Filter the entries, keeping every line with the word "forall".

**Data extract**

* * * * * * *

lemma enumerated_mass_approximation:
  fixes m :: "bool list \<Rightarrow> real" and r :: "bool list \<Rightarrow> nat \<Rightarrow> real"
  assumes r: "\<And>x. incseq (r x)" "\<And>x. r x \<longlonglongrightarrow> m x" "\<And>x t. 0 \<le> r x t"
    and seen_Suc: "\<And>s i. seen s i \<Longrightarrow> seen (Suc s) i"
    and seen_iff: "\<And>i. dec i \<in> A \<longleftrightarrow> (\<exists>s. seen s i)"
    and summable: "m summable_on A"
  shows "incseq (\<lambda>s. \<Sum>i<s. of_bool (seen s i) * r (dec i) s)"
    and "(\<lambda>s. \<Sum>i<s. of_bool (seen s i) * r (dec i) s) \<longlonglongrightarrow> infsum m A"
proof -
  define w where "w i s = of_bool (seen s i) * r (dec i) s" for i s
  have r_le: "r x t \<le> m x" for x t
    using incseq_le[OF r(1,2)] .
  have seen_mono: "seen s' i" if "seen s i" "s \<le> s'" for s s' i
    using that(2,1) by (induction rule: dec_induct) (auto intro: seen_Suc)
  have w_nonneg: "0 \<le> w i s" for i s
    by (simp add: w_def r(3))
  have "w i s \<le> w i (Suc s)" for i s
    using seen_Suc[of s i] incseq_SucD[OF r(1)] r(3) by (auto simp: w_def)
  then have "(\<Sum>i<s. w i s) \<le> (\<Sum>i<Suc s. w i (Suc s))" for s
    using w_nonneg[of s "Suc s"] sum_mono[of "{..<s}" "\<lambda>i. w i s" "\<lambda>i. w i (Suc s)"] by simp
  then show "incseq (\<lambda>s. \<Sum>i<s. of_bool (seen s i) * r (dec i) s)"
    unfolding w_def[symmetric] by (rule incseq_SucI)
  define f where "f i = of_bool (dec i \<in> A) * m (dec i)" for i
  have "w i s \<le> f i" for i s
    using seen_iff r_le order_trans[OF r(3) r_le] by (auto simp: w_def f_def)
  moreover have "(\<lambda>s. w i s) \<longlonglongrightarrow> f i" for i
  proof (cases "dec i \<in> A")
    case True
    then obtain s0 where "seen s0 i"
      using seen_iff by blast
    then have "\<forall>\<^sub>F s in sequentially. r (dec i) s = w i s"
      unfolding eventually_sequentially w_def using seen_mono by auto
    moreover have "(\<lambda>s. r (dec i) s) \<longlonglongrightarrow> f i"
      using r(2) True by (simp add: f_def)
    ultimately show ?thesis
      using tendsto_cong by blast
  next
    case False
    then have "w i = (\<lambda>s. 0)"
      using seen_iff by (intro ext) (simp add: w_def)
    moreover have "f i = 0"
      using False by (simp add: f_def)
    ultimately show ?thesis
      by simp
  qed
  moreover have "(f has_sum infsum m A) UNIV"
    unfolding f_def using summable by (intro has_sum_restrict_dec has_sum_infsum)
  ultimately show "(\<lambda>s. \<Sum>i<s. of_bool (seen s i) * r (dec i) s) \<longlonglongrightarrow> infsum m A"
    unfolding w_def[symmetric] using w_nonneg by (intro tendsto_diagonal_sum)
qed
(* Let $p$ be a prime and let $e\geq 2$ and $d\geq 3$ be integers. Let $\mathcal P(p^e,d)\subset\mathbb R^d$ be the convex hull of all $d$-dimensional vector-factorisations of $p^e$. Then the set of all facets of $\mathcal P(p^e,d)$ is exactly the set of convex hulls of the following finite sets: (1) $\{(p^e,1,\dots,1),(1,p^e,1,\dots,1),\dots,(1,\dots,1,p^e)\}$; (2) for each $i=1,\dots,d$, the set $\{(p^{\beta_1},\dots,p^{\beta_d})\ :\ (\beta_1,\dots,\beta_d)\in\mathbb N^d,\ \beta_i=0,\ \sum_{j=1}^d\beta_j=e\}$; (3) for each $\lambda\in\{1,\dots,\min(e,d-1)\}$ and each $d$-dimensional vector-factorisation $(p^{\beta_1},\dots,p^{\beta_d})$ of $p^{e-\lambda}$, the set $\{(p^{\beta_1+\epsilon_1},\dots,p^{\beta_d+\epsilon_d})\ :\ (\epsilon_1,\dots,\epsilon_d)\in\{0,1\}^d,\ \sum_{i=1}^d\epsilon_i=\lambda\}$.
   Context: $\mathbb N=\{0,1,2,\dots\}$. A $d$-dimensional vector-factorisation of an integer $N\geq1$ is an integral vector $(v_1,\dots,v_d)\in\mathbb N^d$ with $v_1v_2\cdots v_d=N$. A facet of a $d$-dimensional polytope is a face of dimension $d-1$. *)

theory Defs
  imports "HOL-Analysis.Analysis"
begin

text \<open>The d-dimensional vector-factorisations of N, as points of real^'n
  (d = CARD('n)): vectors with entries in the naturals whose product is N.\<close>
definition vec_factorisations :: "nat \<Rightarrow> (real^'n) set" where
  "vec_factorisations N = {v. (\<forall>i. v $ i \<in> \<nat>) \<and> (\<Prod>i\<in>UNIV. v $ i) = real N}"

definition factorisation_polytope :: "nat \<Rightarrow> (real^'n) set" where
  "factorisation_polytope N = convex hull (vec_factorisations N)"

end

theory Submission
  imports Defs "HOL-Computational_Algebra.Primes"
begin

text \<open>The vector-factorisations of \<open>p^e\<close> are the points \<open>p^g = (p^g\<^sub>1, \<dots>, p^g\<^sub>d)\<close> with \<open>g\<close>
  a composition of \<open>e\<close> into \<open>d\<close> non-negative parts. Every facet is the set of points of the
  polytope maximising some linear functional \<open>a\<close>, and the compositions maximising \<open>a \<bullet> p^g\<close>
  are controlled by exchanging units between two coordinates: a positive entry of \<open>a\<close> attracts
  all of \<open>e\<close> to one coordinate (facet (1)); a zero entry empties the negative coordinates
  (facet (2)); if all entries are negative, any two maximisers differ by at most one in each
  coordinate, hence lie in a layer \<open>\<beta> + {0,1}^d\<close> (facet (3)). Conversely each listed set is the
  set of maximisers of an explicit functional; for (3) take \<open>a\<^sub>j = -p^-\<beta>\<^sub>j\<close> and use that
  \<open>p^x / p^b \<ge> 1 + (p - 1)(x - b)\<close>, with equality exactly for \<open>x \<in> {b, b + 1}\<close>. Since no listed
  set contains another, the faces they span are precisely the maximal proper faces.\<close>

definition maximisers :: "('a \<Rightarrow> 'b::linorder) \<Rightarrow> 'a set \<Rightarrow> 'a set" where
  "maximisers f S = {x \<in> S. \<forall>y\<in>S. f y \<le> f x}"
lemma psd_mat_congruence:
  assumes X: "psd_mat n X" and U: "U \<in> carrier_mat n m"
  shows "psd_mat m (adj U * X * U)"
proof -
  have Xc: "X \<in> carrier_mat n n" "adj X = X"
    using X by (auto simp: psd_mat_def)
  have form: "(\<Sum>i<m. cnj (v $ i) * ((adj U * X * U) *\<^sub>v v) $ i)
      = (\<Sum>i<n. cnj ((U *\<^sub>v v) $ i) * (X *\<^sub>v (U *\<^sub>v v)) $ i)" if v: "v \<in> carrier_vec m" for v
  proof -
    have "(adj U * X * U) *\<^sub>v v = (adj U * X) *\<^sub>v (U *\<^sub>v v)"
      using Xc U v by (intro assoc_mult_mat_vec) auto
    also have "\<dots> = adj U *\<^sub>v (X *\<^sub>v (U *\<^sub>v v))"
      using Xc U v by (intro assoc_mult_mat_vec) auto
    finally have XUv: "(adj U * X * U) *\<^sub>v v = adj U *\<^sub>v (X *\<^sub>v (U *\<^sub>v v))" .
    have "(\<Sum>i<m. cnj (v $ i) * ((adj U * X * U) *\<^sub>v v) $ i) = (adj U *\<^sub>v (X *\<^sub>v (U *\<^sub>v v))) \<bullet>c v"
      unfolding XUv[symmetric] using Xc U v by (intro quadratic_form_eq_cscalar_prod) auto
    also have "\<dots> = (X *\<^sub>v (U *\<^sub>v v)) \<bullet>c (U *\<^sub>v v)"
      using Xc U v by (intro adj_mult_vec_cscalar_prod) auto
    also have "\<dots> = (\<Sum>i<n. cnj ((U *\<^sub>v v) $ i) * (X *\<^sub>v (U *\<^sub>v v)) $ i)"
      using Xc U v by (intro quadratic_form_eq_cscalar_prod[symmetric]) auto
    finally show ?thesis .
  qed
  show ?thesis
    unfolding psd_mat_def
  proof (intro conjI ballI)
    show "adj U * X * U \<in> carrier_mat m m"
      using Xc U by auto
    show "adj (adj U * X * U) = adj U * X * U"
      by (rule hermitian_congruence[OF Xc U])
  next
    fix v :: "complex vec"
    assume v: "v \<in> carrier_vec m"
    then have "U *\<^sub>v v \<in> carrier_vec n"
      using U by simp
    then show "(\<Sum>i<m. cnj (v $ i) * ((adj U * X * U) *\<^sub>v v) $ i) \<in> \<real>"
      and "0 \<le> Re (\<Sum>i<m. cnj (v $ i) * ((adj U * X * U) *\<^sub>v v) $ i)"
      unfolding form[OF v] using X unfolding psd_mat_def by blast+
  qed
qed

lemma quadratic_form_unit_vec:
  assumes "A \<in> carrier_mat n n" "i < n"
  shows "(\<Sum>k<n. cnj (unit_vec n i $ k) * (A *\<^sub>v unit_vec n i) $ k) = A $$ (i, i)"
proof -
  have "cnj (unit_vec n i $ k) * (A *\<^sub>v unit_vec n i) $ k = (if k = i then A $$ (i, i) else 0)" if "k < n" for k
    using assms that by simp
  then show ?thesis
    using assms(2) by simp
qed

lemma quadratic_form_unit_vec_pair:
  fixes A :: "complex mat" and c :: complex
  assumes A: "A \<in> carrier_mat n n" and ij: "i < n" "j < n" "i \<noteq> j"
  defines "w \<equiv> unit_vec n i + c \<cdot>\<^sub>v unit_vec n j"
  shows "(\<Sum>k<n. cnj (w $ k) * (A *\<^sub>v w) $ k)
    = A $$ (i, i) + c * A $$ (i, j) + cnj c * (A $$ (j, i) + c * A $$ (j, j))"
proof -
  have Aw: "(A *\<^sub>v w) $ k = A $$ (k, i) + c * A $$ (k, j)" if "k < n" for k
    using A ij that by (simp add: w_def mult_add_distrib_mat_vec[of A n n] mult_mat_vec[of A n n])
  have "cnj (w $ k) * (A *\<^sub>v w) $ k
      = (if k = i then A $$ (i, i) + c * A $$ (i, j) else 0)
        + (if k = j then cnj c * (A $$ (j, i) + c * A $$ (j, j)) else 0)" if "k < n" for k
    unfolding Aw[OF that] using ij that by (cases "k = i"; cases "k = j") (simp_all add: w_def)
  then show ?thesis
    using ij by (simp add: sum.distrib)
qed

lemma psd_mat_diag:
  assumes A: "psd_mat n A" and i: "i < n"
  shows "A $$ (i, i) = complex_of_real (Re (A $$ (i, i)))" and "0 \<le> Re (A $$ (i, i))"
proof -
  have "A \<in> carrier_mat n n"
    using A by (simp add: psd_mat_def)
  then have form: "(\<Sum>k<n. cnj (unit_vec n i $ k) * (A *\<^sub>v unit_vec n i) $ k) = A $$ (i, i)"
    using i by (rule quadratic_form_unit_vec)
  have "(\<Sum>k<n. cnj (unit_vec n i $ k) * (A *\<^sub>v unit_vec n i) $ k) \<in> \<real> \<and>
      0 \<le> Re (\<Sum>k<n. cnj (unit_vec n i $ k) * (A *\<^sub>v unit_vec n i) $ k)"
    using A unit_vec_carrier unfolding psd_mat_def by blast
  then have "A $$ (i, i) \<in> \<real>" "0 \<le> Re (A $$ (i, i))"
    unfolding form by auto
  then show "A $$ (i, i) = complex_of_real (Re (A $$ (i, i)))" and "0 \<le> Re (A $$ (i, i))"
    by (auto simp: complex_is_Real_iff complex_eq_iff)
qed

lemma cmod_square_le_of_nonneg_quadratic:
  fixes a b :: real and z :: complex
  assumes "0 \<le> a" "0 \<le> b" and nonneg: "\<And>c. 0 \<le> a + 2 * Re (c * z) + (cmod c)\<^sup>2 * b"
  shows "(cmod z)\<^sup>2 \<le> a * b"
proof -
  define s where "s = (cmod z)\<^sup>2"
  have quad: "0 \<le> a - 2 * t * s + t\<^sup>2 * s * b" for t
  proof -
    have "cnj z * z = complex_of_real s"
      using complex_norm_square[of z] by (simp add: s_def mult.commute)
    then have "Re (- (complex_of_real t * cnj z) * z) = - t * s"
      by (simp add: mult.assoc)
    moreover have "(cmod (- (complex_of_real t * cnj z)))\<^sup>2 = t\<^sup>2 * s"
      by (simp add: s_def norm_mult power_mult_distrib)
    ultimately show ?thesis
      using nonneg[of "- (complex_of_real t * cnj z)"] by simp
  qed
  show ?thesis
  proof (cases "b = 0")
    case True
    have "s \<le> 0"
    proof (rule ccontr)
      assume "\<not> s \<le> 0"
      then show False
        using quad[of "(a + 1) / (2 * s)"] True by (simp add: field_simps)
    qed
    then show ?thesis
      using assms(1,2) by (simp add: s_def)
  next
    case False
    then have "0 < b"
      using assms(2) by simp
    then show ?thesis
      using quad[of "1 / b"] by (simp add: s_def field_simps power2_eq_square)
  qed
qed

* * * * * * *

**The completed task**
    then have "\<forall>\<^sub>F s in sequentially. r (dec i) s = w i s"
  "vec_factorisations N = {v. (\<forall>i. v $ i \<in> \<nat>) \<and> (\<Prod>i\<in>UNIV. v $ i) = real N}"
  "maximisers f S = {x \<in> S. \<forall>y\<in>S. f y \<le> f x}"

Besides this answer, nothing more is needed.